Mendes has one of the best final moments for a player on the field, catching the final out to send OU to the Women’s College World Series in 2021.

“I got to make the last out,” Mendes said. “For that to be my last play ever on that field was unreal. I caught one deep in the outfield. It’s the one that always stands out to me. Just doing it all for my teammates and in front of the fans. A real special moment.”

OU gets one last weekend at Marita Hynes Field. Photo credit: Bob Przybylo – SoonerScoop.com

Last Dance

This is it. Clemson coming to town with everything on the line. OU is 54-1 overall and riding a 46-game winning streak.

If the Sooners can win Friday and Saturday, they will set the record for softball’s longest winning streak at 48 games. OU would surpass the 47-game mark set by Arizona in 1996-97.

Gasso has stressed the team is not worried about the streak. It’s just making sure there is some sort of celebration once again for the team going back to the Women’s College World Series by weekend’s end.

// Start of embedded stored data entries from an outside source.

(* With $Y$, $Y^+$, $X$, $\Delta^+$ as in the context, one has $\gamma_{Y^+/X}(1)=-p\,N_{\Delta^+}\in\mathbb{Z}[\Delta^+]$, where $N_{\Delta^+}=\sum_{\sigma\in\Delta^+}\sigma$.
   Context: Let $p$ be an odd prime, $\Delta=\mathrm{Gal}(\mathbb{Q}(\zeta_p)/\mathbb{Q})$, $\sigma_i:\zeta_p\mapsto\zeta_p^i$, $j=\sigma_{-1}$, $\Delta^+=\Delta/\langle j\rangle$. Digraphs have incidence $e\mapsto(o(e),t(e))$; derived digraph $X(G,\alpha)$ of $\alpha:E_X\to G$ has vertices $V_X\times G$, edges $E_X\times G$, $o(e,\sigma)=(o(e),\sigma)$, $t(e,\sigma)=(t(e),\sigma\alpha(e))$, and $G$ acts by left multiplication on the second coordinate. $X$ is the bouquet (one vertex) with $\frac{p-1}{2}p+1$ loops $e_0$, $e_{i,k}$ ($1\le k\le i\le p-1$), $\alpha(e_0)=\sigma_1$, $\alpha(e_{i,k})=\sigma_i^{-1}$, $Y=X(\Delta,\alpha)$, and $Y^+=Y_{\langle j\rangle}$ the quotient digraph by $\langle j\rangle$, on which $\Delta^+$ acts freely on vertices with quotient $X$. For a finite abelian group $K$ acting on a finite digraph $W$ freely on vertices, $\gamma_{W/W_K}(u)=\det_{\mathbb{Z}[K][u]}(\mathcal{I}-\mathcal{A}_Wu)$ on the free $\mathbb{Z}[K][u]$-module $\mathbb{Z}V_W[u]$, where $\mathcal{A}_W(w)=\sum_{o(\varepsilon)=w}t(\varepsilon)$. *)

theory Defs
  imports "HOL-Algebra.Algebra" "HOL-Combinatorics.Permutations"
begin

record ('v, 'e) digraph =
  verts :: "'v set"
  arcs  :: "'e set"
  orig  :: "'e \<Rightarrow> 'v"
  targ  :: "'e \<Rightarrow> 'v"

definition derived_digraph ::
  "('v, 'e) digraph \<Rightarrow> ('g, 'b) monoid_scheme \<Rightarrow> ('e \<Rightarrow> 'g) \<Rightarrow> ('v \<times> 'g, 'e \<times> 'g) digraph" where
  "derived_digraph Xg G \<alpha> =
     \<lparr> verts = verts Xg \<times> carrier G,
       arcs = arcs Xg \<times> carrier G,
       orig = (\<lambda>(e, s). (orig Xg e, s)),
       targ = (\<lambda>(e, s). (targ Xg e, monoid.mult G s (\<alpha> e))) \<rparr>"

definition derived_act :: "('g, 'b) monoid_scheme \<Rightarrow> 'g \<Rightarrow> 'x \<times> 'g \<Rightarrow> 'x \<times> 'g" where
  "derived_act G g = (\<lambda>(x, s). (x, monoid.mult G g s))"

definition orbit_of :: "'g set \<Rightarrow> ('g \<Rightarrow> 'x \<Rightarrow> 'x) \<Rightarrow> 'x \<Rightarrow> 'x set" where
  "orbit_of H act x = (\<lambda>h. act h x) ` H"

definition quotient_digraph ::
  "('v, 'e) digraph \<Rightarrow> 'g set \<Rightarrow> ('g \<Rightarrow> 'v \<Rightarrow> 'v) \<Rightarrow> ('g \<Rightarrow> 'e \<Rightarrow> 'e) \<Rightarrow> ('v set, 'e set) digraph" where
  "quotient_digraph W H actv acte =
     \<lparr> verts = orbit_of H actv ` verts W,
       arcs = orbit_of H acte ` arcs W,
       orig = (\<lambda>E. orbit_of H actv (orig W (SOME \<epsilon>. \<epsilon> \<in> E))),
       targ = (\<lambda>E. orbit_of H actv (targ W (SOME \<epsilon>. \<epsilon> \<in> E))) \<rparr>"

text \<open>Induced action of a coset C (element of G/H) on an H-orbit O.\<close>
definition coset_act :: "('g \<Rightarrow> 'x \<Rightarrow> 'x) \<Rightarrow> 'g set \<Rightarrow> 'x set \<Rightarrow> 'x set" where
  "coset_act act C Orb = (\<lambda>(c, x). act c x) ` (C \<times> Orb)"

definition group_ring :: "('k, 'b) monoid_scheme \<Rightarrow> ('k \<Rightarrow> int) ring" where
  "group_ring K =
     \<lparr> carrier = {f. \<forall>x. x \<notin> carrier K \<longrightarrow> f x = 0},
       monoid.mult = (\<lambda>f g x. if x \<in> carrier K
                        then (\<Sum>y\<in>carrier K. f y * g (monoid.mult K (m_inv K y) x)) else 0),
       one = (\<lambda>x. if x = one K then 1 else 0),
       ring.zero = (\<lambda>x. 0),
       ring.add = (\<lambda>f g x. f x + g x) \<rparr>"

definition det_ring :: "('a, 'm) ring_scheme \<Rightarrow> 'i set \<Rightarrow> ('i \<Rightarrow> 'i \<Rightarrow> 'a) \<Rightarrow> 'a" where
  "det_ring R I M =
     finsum R (\<lambda>\<pi>. if evenperm \<pi> then finprod R (\<lambda>i. M i (\<pi> i)) I
                    else a_inv R (finprod R (\<lambda>i. M i (\<pi> i)) I))
       {\<pi>. \<pi> permutes I}"

text \<open>Orbit representatives of the K-action on the vertices of W: a basis of the free
  Z[K][u]-module Z V_W[u].\<close>
definition orbit_reps :: "('k, 'b) monoid_scheme \<Rightarrow> ('k \<Rightarrow> 'v \<Rightarrow> 'v) \<Rightarrow> ('v, 'e) digraph \<Rightarrow> 'v set" where
  "orbit_reps K act W = (\<lambda>Orb. SOME v. v \<in> Orb) ` (orbit_of (carrier K) act ` verts W)"

text \<open>Coefficient of the basis element r' in A_W(r), an element of Z[K]:
  A_W(r) = sum over edges with o(e) = r of t(e), and t(e) = k . r'.\<close>
definition adj_coeff :: "('k, 'b) monoid_scheme \<Rightarrow> ('k \<Rightarrow> 'v \<Rightarrow> 'v) \<Rightarrow> ('v, 'e) digraph
    \<Rightarrow> 'v \<Rightarrow> 'v \<Rightarrow> ('k \<Rightarrow> int)" where
  "adj_coeff K act W r r' =
     (\<lambda>k. if k \<in> carrier K
          then int (card {\<epsilon> \<in> arcs W. orig W \<epsilon> = r \<and> targ W \<epsilon> = act k r'}) else 0)"

definition gamma :: "('k, 'b) monoid_scheme \<Rightarrow> ('k \<Rightarrow> 'v \<Rightarrow> 'v) \<Rightarrow> ('v, 'e) digraph
    \<Rightarrow> (nat \<Rightarrow> ('k \<Rightarrow> int))" where
  "gamma K act W =
     (let ZK = group_ring K; P = UP ZK; R = orbit_reps K act W in
      det_ring P R (\<lambda>r r'. a_minus P (if r = r' then one P else ring.zero P)
                            (monom P (adj_coeff K act W r r') 1)))"

definition gamma_at_1 :: "('k, 'b) monoid_scheme \<Rightarrow> ('k \<Rightarrow> 'v \<Rightarrow> 'v) \<Rightarrow> ('v, 'e) digraph
    \<Rightarrow> ('k \<Rightarrow> int)" where
  "gamma_at_1 K act W = eval (group_ring K) (group_ring K) id (one (group_ring K)) (gamma K act W)"

text \<open>Delta = Gal(Q(zeta_p)/Q), with sigma_i represented by i in {1..p-1}
  (sigma_i sigma_k = sigma_{ik mod p}).\<close>
definition Delta :: "nat \<Rightarrow> nat monoid" where
  "Delta p = \<lparr> carrier = {1..p - 1}, monoid.mult = (\<lambda>a b. (a * b) mod p), one = 1 \<rparr>"

text \<open>j = sigma_{-1}\<close>
definition jay :: "nat \<Rightarrow> nat" where "jay p = p - 1"

definition Delta_plus :: "nat \<Rightarrow> nat set monoid" where
  "Delta_plus p = Delta p Mod {1, jay p}"

text \<open>The bouquet X: one vertex, loops e_0 = None and e_{i,k} = Some (i,k), 1 <= k <= i <= p-1.\<close>
definition Xb :: "nat \<Rightarrow> (unit, (nat \<times> nat) option) digraph" where
  "Xb p = \<lparr> verts = {()},
            arcs = {None} \<union> Some ` {(i, k). 1 \<le> k \<and> k \<le> i \<and> i \<le> p - 1},
            orig = (\<lambda>_. ()), targ = (\<lambda>_. ()) \<rparr>"

definition alpha :: "nat \<Rightarrow> (nat \<times> nat) option \<Rightarrow> nat" where
  "alpha p e = (case e of None \<Rightarrow> 1 | Some (i, k) \<Rightarrow> m_inv (Delta p) i)"

definition Yd :: "nat \<Rightarrow> (unit \<times> nat, (nat \<times> nat) option \<times> nat) digraph" where
  "Yd p = derived_digraph (Xb p) (Delta p) (alpha p)"

definition Yplus :: "nat \<Rightarrow> ((unit \<times> nat) set, ((nat \<times> nat) option \<times> nat) set) digraph" where
  "Yplus p = quotient_digraph (Yd p) {1, jay p} (derived_act (Delta p)) (derived_act (Delta p))"

definition Yplus_act :: "nat \<Rightarrow> nat set \<Rightarrow> (unit \<times> nat) set \<Rightarrow> (unit \<times> nat) set" where
  "Yplus_act p = coset_act (derived_act (Delta p))"

definition norm_elt :: "('k, 'b) monoid_scheme \<Rightarrow> ('k \<Rightarrow> int)" where
  "norm_elt K = (\<lambda>x. if x \<in> carrier K then 1 else 0)"

end

theory Submission
  imports Defs "HOL-Number_Theory.Cong"
begin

It’s something the current team understands as well.

“We’re just embracing it,” said junior Tiare Jennings about the final weekend at Marita Hynes Field. “It’s bittersweet. Knowing that we’re gonna be part of a team that’s gonna be the last ones to play in here. We’re just trying to represent the legends that have played before us.

“And we’re getting a new field and trying to be that team to set the tone with that new stadium. It’s exciting to be part of both – to have the best of both worlds. We’re gonna miss this field, but we’ve had so many great moments.”

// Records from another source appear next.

definition is_injection ::
  "'a set \<Rightarrow> ('a \<Rightarrow> 'a \<Rightarrow> bool) \<Rightarrow> ('a \<Rightarrow> 'a \<Rightarrow> bool) \<Rightarrow>
   'b set \<Rightarrow> ('b \<Rightarrow> 'b \<Rightarrow> bool) \<Rightarrow> ('b \<Rightarrow> 'b \<Rightarrow> bool) \<Rightarrow> ('a \<Rightarrow> 'b) \<Rightarrow> ('b \<Rightarrow> 'a) \<Rightarrow> bool" where
  "is_injection T PT LT S PS LS f e \<longleftrightarrow>
     (\<forall>w\<in>T. f w \<in> S)
   \<and> morphism S PS LS T PT LT e
   \<and> (\<forall>s\<in>S. f (e s) = s)
   \<and> (\<forall>w\<in>T. PT (e (f w)) w)"

definition rigid_surj ::
  "'a set \<Rightarrow> ('a \<Rightarrow> 'a \<Rightarrow> bool) \<Rightarrow> ('a \<Rightarrow> 'a \<Rightarrow> bool) \<Rightarrow>
   'b set \<Rightarrow> ('b \<Rightarrow> 'b \<Rightarrow> bool) \<Rightarrow> ('b \<Rightarrow> 'b \<Rightarrow> bool) \<Rightarrow> ('a \<Rightarrow> 'b) \<Rightarrow> bool" where
  "rigid_surj T PT LT S PS LS f \<longleftrightarrow> (\<exists>e. is_injection T PT LT S PS LS f e)"

definition leaf :: "'a set \<Rightarrow> ('a \<Rightarrow> 'a \<Rightarrow> bool) \<Rightarrow> 'a \<Rightarrow> bool" where
  "leaf T P x \<longleftrightarrow> x \<in> T \<and> (\<forall>y\<in>T. P x y \<longrightarrow> y = x)"

definition largest_leaf :: "'a set \<Rightarrow> ('a \<Rightarrow> 'a \<Rightarrow> bool) \<Rightarrow> ('a \<Rightarrow> 'a \<Rightarrow> bool) \<Rightarrow> 'a \<Rightarrow> bool" where
  "largest_leaf T P L x \<longleftrightarrow> leaf T P x \<and> (\<forall>y. leaf T P y \<longrightarrow> lex T P L y x)"

definition sealed_rigid_surj ::
  "'a set \<Rightarrow> ('a \<Rightarrow> 'a \<Rightarrow> bool) \<Rightarrow> ('a \<Rightarrow> 'a \<Rightarrow> bool) \<Rightarrow>
   'b set \<Rightarrow> ('b \<Rightarrow> 'b \<Rightarrow> bool) \<Rightarrow> ('b \<Rightarrow> 'b \<Rightarrow> bool) \<Rightarrow> ('a \<Rightarrow> 'b) \<Rightarrow> bool" where
  "sealed_rigid_surj T PT LT S PS LS f \<longleftrightarrow>
     (\<exists>e. is_injection T PT LT S PS LS f e \<and>
        (\<forall>lS lT. largest_leaf S PS LS lS \<longrightarrow> largest_leaf T PT LT lT \<longrightarrow> e lS = lT))"

text \<open>\<open>T^v = {w \<in> T. w \<le>_T v}\<close>, with inherited orders (same relations P, L).\<close>
definition lexdown :: "'a set \<Rightarrow> ('a \<Rightarrow> 'a \<Rightarrow> bool) \<Rightarrow> ('a \<Rightarrow> 'a \<Rightarrow> bool) \<Rightarrow> 'a \<Rightarrow> 'a set" where
  "lexdown T P L v = {w \<in> T. lex T P L w v}"

end

theory Submission imports Defs begin

text \<open>Meets, immediate successors, the root and hence the lexicographic order of a tree do not
  change when passing to a downward closed subset, and lexicographic initial segments such as
  T^i(v) and S^v are downward closed. Monotonicity of i gives i(S^v) \<subseteq> T^i(v); conversely,
  if w \<le> i(v) but v < f(w), then i(v) \<le> i(f(w)) \<le> w because i(f(w)) \<sqsubseteq> w, forcing
  w = i(v). So f restricts to a rigid surjection T^i(v) \<rightarrow> S^v with injection i, and it is
  sealed because the largest leaf of an initial segment T^u is u itself.\<close>

locale rooted_tree =
  fixes T :: "'a set" and P :: "'a \<Rightarrow> 'a \<Rightarrow> bool"
  assumes tree: "tree T P"
begin

lemma tree_finite: "finite T"
  using tree unfolding tree_def by blast

lemma tree_refl: "x \<in> T \<Longrightarrow> P x x"
  using tree unfolding tree_def by blast

lemma tree_antisym: "x \<in> T \<Longrightarrow> y \<in> T \<Longrightarrow> P x y \<Longrightarrow> P y x \<Longrightarrow> x = y"
  using tree unfolding tree_def by blast

lemma tree_trans: "x \<in> T \<Longrightarrow> y \<in> T \<Longrightarrow> z \<in> T \<Longrightarrow> P x y \<Longrightarrow> P y z \<Longrightarrow> P x z"
  using tree unfolding tree_def by blast

lemma tree_root_exists: "\<exists>r\<in>T. \<forall>x\<in>T. P r x"
  using tree unfolding tree_def by blast

lemma predecessors_comparable:
  "w \<in> T \<Longrightarrow> u \<in> T \<Longrightarrow> v \<in> T \<Longrightarrow> P u w \<Longrightarrow> P v w \<Longrightarrow> P u v \<or> P v u"
  using tree unfolding tree_def by blast

lemma troot_eqI: "r \<in> T \<Longrightarrow> \<forall>x\<in>T. P r x \<Longrightarrow> troot T P = r"
  unfolding troot_def by (rule the_equality) (use tree_antisym in blast)+

definition depth :: "'a \<Rightarrow> nat" where
  "depth x = card {y \<in> T. P y x}"

lemma depth_strict_mono:
  assumes "u \<in> T" "w \<in> T" "P u w" "u \<noteq> w"
  shows "depth u < depth w"
proof -
  have "{y \<in> T. P y u} \<subset> {y \<in> T. P y w}"
    using assms tree_trans[of _ u w] tree_antisym[of w u] tree_refl[of w] by blast
  then show ?thesis
    unfolding depth_def by (intro psubset_card_mono) (auto intro: finite_subset[OF _ tree_finite])
qed

lemma exists_maximal:
  assumes "A \<subseteq> T" "A \<noteq> {}"
  shows "\<exists>x\<in>A. \<forall>y\<in>A. P x y \<longrightarrow> y = x"
proof -
  have A: "finite A" using assms tree_finite finite_subset by blast
  obtain x where x: "x \<in> A" "depth x = Max (depth ` A)"
    using Max_in[of "depth ` A"] A assms(2) by (metis empty_is_image finite_imageI imageE)
  have "depth y \<le> depth x" if "y \<in> A" for y
    using that A x(2) by simp
  then show ?thesis
    using x(1) assms(1) depth_strict_mono by (metis leD subsetD)
qed

lemma exists_minimal:
  assumes "A \<subseteq> T" "A \<noteq> {}"
  shows "\<exists>x\<in>A. \<forall>y\<in>A. P y x \<longrightarrow> y = x"
proof -
  have "finite A" using assms tree_finite finite_subset by blast
  then obtain x where "is_arg_min depth (\<lambda>y. y \<in> A) x"
    using ex_is_arg_min_if_finite assms(2) by blast
  then show ?thesis
    unfolding is_arg_min_def using assms(1) depth_strict_mono by blast
qed

lemma isuccD: "isucc T P m c \<Longrightarrow> m \<in> T \<and> c \<in> T \<and> P m c \<and> m \<noteq> c"
  unfolding isucc_def by blast

lemma isucc_between: "isucc T P m c \<Longrightarrow> u \<in> T \<Longrightarrow> P m u \<Longrightarrow> P u c \<Longrightarrow> u = m \<or> u = c"
  unfolding isucc_def by blast

lemma isucc_unique:
  assumes "isucc T P m c" "isucc T P m c'" "P c a" "P c' a" "a \<in> T"
  shows "c = c'"
proof -
  have "P c c' \<or> P c' c"
    using predecessors_comparable assms isuccD by blast
  then show ?thesis
    using assms isucc_between isuccD by metis
qed

lemma meet_exists:
  assumes "a \<in> T" "b \<in> T"
  shows "\<exists>m\<in>T. P m a \<and> P m b \<and> (\<forall>u\<in>T. P u a \<and> P u b \<longrightarrow> P u m)"
proof -
  let ?A = "{u \<in> T. P u a \<and> P u b}"
  have "?A \<noteq> {}" using tree_root_exists assms by blast
  then obtain m where m: "m \<in> ?A" "\<forall>y\<in>?A. P m y \<longrightarrow> y = m"
    using exists_maximal[of ?A] by blast
  have "P u m" if "u \<in> ?A" for u
    using that m predecessors_comparable[of a u m] assms tree_refl by blast
  then show ?thesis using m(1) by blast
qed

lemma tmeet_eqI:
  assumes "m \<in> T" "P m a" "P m b" "\<forall>u\<in>T. P u a \<and> P u b \<longrightarrow> P u m"
  shows "tmeet T P a b = m"
  unfolding tmeet_def by (rule the_equality) (use assms tree_antisym in blast)+

lemma tmeet_commute: "tmeet T P a b = tmeet T P b a"
  unfolding tmeet_def by metis

lemma isucc_exists:
  assumes "m \<in> T" "a \<in> T" "P m a" "m \<noteq> a"
  shows "\<exists>c. isucc T P m c \<and> P c a"
proof -
  let ?B = "{u \<in> T. P m u \<and> P u a \<and> u \<noteq> m}"
  have "a \<in> ?B" using assms tree_refl by blast
  then obtain c where c: "c \<in> ?B" "\<forall>y\<in>?B. P y c \<longrightarrow> y = c"
    using exists_minimal[of ?B] by blast
  have "u = m \<or> u = c" if "u \<in> T" "P m u" "P u c" for u
    using that c tree_trans[of u c a] assms by blast
  then have "isucc T P m c"
    unfolding isucc_def using c(1) assms(1) by blast
  then show ?thesis using c(1) by blast
qed

lemma child_toward_eqI:
  assumes "isucc T P m c" "P c a" "a \<in> T"
  shows "child_toward T P m a = c"
  unfolding child_toward_def by (rule the_equality) (use assms isucc_unique in blast)+

lemma isucc_le_of_same_branch:
  assumes "isucc T P n d" "P d b" "P x b" "P n x" "n \<noteq> x" "x \<in> T" "b \<in> T"
  shows "P d x"
proof -
  have "d \<in> T" using assms(1) isuccD by blast
  then have "P d x \<or> P x d" using predecessors_comparable assms by blast
  then show ?thesis using isucc_between assms tree_refl by metis
qed

lemma branching_point:
  assumes ca: "isucc T P m ca" "P ca a" and cb: "isucc T P m cb" "P cb b"
    and "ca \<noteq> cb" "a \<in> T" "b \<in> T"
  shows "\<not> P a b" "\<not> P b a" "tmeet T P a b = m"
    "child_toward T P m a = ca" "child_toward T P m b = cb"
proof -
  have T: "m \<in> T" "ca \<in> T" "cb \<in> T" "P m ca" "P m cb"
    using ca(1) cb(1) isuccD by auto
  have ma: "P m a" and mb: "P m b"
    using tree_trans T assms by blast+
  show "\<not> P a b"
    using isucc_unique[OF ca(1) cb(1) _ cb(2)] tree_trans[of ca a b] T assms by blast
  show "\<not> P b a"
    using isucc_unique[OF ca(1) cb(1) ca(2)] tree_trans[of cb b a] T assms by blast
  show "child_toward T P m a = ca" "child_toward T P m b = cb"
    using child_toward_eqI assms by blast+
  have "P u m" if u: "u \<in> T" "P u a" "P u b" for u
  proof (rule ccontr)
    assume "\<not> P u m"
    then have "P m u" "m \<noteq> u"
      using predecessors_comparable[of a u m] u T ma assms tree_refl by auto
    then obtain c where c: "isucc T P m c" "P c u"
      using isucc_exists T(1) u(1) by blast
    have "c \<in> T" using c(1) isuccD by blast
    then have "c = ca" "c = cb"
      using isucc_unique[OF c(1) ca(1) _ ca(2)] isucc_unique[OF c(1) cb(1) _ cb(2)]
        tree_trans[of c u a] tree_trans[of c u b] u c(2) assms by blast+
    then show False using assms(5) by simp
  qed
  then show "tmeet T P a b = m"
    using tmeet_eqI T(1) ma mb by blast
qed

lemma incomparable_branch:
  assumes "a \<in> T" "b \<in> T" "\<not> P a b" "\<not> P b a"
  obtains m ca cb where "isucc T P m ca" "P ca a" "isucc T P m cb" "P cb b" "ca \<noteq> cb"
proof -
  obtain m where m: "m \<in> T" "P m a" "P m b" "\<forall>u\<in>T. P u a \<and> P u b \<longrightarrow> P u m"
    using meet_exists assms by blast
  then have "m \<noteq> a" "m \<noteq> b" using assms by auto
  then obtain ca cb where c: "isucc T P m ca" "P ca a" "isucc T P m cb" "P cb b"
    using isucc_exists m assms by metis
  have "ca \<noteq> cb"
  proof
    assume "ca = cb"
    then have "P ca m" using m(4) c isuccD by blast
    then show False using c(1) isuccD tree_antisym by blast
  qed
  then show ?thesis using that c by blast
qed

text \<open>Describing \<open>lex\<close> by arbitrary branching witnesses \<open>(m, ca, cb)\<close> instead of
  \<open>tmeet\<close> and \<open>child_toward\<close> turns transitivity into a short case analysis.\<close>

lemma lex_iff_branching:
  "lex T P L a b \<longleftrightarrow> a \<in> T \<and> b \<in> T \<and> (P a b \<or>
     (\<exists>m ca cb. isucc T P m ca \<and> P ca a \<and> isucc T P m cb \<and> P cb b \<and> ca \<noteq> cb \<and> L ca cb))"
  (is "_ \<longleftrightarrow> _ \<and> _ \<and> (_ \<or> ?branch)")
proof (cases "a \<in> T \<and> b \<in> T \<and> \<not> P a b \<and> \<not> P b a")
  case True
  then obtain m ca cb where br: "isucc T P m ca" "P ca a" "isucc T P m cb" "P cb b" "ca \<noteq> cb"
    using incomparable_branch by metis
  have ab: "a \<in> T" "b \<in> T" using True by auto
  note m = branching_point[OF br ab]
  have "?branch \<longleftrightarrow> L ca cb"
  proof
    assume ?branch
    then obtain n da db where
      br': "isucc T P n da" "P da a" "isucc T P n db" "P db b" "da \<noteq> db" "L da db"
      by blast
    note n = branching_point[OF br'(1-5) ab]
    have "n = m" using m(3) n(3) by simp
    then show "L ca cb" using m(4,5) n(4,5) br'(6) by simp
  qed (use br in blast)
  then show ?thesis using m True unfolding lex_def by auto
next
  case False
  then show ?thesis
    using branching_point(2) unfolding lex_def by blast
qed

definition downward_closed :: "'a set \<Rightarrow> bool" where
  "downward_closed D \<longleftrightarrow> D \<subseteq> T \<and> (\<forall>w\<in>D. \<forall>u\<in>T. P u w \<longrightarrow> u \<in> D)"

Hynes isn’t sure where she’s going to be sitting this weekend. Gasso doesn’t know when that moment is going to hit her that the playing days at Marita Hynes Field are over.

It’s time to move on. It’s a testament to OU’s success and the sport’s growth for the demand to make this happen.

But, well, you never forget that first home.

“So whether it looks beautiful or not, or whether it has enough seats or not, it’s still where this program was born,” Gasso said. “But my memories will always live here. This is home. It’ll always be home.”